*Saved data entries*
------------------------------------------------------------

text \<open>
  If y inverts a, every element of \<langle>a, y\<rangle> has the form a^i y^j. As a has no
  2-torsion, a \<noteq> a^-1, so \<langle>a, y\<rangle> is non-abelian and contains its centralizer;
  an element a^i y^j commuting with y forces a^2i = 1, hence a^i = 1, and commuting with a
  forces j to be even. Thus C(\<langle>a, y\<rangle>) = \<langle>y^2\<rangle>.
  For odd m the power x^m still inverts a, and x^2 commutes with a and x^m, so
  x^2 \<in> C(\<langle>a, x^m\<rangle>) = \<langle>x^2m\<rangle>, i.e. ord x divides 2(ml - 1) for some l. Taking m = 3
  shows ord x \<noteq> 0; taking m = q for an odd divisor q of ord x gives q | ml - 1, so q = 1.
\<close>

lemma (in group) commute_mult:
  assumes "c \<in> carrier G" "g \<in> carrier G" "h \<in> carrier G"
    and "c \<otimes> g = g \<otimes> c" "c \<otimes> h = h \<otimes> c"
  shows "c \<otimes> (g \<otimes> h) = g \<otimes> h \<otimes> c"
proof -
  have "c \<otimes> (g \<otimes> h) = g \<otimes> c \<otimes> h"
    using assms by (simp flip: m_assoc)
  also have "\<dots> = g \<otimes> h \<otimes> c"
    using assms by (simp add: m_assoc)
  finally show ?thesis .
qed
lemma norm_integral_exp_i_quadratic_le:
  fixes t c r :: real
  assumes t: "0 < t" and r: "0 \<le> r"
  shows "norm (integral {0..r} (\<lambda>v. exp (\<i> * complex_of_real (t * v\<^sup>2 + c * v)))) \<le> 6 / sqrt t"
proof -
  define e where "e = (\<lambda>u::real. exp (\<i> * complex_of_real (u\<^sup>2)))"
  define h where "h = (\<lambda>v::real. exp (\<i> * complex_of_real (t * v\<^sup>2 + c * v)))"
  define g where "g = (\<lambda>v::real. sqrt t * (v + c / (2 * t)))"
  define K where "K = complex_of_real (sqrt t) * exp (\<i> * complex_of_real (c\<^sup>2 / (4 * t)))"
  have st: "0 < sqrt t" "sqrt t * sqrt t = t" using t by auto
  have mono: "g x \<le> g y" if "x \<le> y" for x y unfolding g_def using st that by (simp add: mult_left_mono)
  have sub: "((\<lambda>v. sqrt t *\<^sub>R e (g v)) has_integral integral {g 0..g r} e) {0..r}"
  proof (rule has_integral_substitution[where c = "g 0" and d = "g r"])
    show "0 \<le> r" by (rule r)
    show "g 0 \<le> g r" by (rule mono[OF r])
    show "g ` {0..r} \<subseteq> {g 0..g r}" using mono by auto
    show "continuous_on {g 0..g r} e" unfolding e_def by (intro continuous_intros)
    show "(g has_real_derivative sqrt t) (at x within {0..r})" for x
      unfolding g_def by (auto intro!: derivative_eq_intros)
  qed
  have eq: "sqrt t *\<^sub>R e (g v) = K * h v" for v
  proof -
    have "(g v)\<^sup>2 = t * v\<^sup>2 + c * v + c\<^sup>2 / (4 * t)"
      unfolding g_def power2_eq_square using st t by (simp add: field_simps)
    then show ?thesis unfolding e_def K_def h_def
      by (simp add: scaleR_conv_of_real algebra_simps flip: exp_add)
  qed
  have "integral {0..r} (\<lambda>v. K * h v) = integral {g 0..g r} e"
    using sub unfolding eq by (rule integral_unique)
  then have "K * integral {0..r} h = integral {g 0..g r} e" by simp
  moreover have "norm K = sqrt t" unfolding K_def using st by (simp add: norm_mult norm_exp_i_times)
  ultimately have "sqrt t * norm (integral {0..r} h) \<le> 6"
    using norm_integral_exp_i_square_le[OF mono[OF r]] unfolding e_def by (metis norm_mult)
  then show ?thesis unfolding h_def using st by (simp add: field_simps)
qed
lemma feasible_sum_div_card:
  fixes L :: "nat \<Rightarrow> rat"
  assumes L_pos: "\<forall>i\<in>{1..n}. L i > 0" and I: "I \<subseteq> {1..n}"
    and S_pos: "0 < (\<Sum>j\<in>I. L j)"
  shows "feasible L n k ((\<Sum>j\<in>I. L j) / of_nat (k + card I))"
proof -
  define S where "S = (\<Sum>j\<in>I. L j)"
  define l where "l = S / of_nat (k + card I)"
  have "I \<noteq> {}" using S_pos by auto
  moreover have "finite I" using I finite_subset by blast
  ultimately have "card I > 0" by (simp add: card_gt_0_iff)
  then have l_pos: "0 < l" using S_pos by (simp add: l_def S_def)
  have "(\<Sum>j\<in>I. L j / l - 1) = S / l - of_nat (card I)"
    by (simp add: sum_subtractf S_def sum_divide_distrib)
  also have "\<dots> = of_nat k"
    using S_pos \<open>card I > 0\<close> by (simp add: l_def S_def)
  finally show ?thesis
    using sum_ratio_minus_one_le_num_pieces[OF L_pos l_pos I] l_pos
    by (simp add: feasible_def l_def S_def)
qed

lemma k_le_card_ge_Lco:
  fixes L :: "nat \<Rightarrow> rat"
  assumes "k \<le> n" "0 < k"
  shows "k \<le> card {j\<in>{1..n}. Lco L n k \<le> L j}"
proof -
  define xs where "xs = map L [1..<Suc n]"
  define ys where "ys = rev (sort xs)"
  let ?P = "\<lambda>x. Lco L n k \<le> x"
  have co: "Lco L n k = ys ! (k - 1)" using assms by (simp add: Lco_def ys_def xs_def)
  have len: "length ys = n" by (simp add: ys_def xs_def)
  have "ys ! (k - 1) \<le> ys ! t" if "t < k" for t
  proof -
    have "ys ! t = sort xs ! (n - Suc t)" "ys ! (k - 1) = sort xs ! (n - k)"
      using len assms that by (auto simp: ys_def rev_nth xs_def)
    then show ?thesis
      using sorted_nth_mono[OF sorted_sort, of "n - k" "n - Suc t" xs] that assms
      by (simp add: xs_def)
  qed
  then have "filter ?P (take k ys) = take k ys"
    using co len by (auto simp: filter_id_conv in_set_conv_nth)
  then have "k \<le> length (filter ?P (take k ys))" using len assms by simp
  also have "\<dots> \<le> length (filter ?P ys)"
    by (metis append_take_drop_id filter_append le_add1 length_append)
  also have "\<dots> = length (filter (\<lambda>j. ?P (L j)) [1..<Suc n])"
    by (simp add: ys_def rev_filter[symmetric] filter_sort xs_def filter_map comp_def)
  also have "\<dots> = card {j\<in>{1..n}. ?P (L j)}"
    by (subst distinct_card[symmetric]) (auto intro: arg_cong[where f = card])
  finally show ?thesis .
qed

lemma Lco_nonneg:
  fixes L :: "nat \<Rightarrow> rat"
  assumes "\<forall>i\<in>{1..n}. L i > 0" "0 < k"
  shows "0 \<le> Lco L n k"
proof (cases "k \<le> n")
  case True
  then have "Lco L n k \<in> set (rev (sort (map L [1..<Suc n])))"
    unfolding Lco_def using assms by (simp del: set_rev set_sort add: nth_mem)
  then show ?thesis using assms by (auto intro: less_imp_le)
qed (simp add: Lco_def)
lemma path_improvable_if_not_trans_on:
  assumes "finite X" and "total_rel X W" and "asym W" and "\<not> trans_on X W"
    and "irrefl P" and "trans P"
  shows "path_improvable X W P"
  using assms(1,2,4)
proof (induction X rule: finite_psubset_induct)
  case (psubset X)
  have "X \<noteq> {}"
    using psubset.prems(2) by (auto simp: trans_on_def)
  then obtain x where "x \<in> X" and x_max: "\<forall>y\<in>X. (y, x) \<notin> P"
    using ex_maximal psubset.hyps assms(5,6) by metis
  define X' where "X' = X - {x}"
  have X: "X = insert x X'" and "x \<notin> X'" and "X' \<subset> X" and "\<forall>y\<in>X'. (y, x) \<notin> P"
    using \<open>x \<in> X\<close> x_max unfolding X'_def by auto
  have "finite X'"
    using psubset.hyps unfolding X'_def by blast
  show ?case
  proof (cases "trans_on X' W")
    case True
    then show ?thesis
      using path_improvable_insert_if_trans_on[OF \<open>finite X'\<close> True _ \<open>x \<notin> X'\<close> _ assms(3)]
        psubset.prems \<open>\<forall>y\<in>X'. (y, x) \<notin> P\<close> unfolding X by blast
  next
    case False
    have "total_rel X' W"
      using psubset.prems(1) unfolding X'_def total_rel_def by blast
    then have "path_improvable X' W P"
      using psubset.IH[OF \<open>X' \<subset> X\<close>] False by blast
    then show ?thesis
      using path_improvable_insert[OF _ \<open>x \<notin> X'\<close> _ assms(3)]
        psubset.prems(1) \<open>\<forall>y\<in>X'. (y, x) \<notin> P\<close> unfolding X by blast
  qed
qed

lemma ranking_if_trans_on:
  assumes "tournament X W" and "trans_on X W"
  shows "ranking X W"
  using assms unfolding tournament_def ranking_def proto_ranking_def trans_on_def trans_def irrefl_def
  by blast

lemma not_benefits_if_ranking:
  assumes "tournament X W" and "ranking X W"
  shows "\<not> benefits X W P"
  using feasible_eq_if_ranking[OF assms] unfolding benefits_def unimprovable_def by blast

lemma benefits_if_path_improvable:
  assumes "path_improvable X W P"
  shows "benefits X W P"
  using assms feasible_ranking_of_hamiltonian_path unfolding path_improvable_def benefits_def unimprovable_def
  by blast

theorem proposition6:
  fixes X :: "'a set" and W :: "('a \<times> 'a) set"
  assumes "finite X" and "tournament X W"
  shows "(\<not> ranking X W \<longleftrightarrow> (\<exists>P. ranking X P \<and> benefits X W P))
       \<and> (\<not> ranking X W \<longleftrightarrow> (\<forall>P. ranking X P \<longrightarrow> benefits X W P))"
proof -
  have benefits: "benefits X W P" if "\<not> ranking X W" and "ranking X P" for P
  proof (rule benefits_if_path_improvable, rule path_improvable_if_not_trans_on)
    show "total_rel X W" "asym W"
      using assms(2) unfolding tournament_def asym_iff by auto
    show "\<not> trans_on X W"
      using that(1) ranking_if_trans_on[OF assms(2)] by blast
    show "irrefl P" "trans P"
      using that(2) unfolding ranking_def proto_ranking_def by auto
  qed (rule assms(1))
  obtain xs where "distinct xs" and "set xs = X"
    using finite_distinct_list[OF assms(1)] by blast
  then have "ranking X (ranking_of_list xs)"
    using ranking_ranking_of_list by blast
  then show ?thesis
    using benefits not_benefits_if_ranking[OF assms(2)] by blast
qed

------------------------------------------------------------

*Problem requirements*
Only lines of the data holding the word "obtain" go in the answer. Please copy each of them.

*Task answer*
  then obtain x where "x \<in> X" and x_max: "\<forall>y\<in>X. (y, x) \<notin> P"
  obtain xs where "distinct xs" and "set xs = X"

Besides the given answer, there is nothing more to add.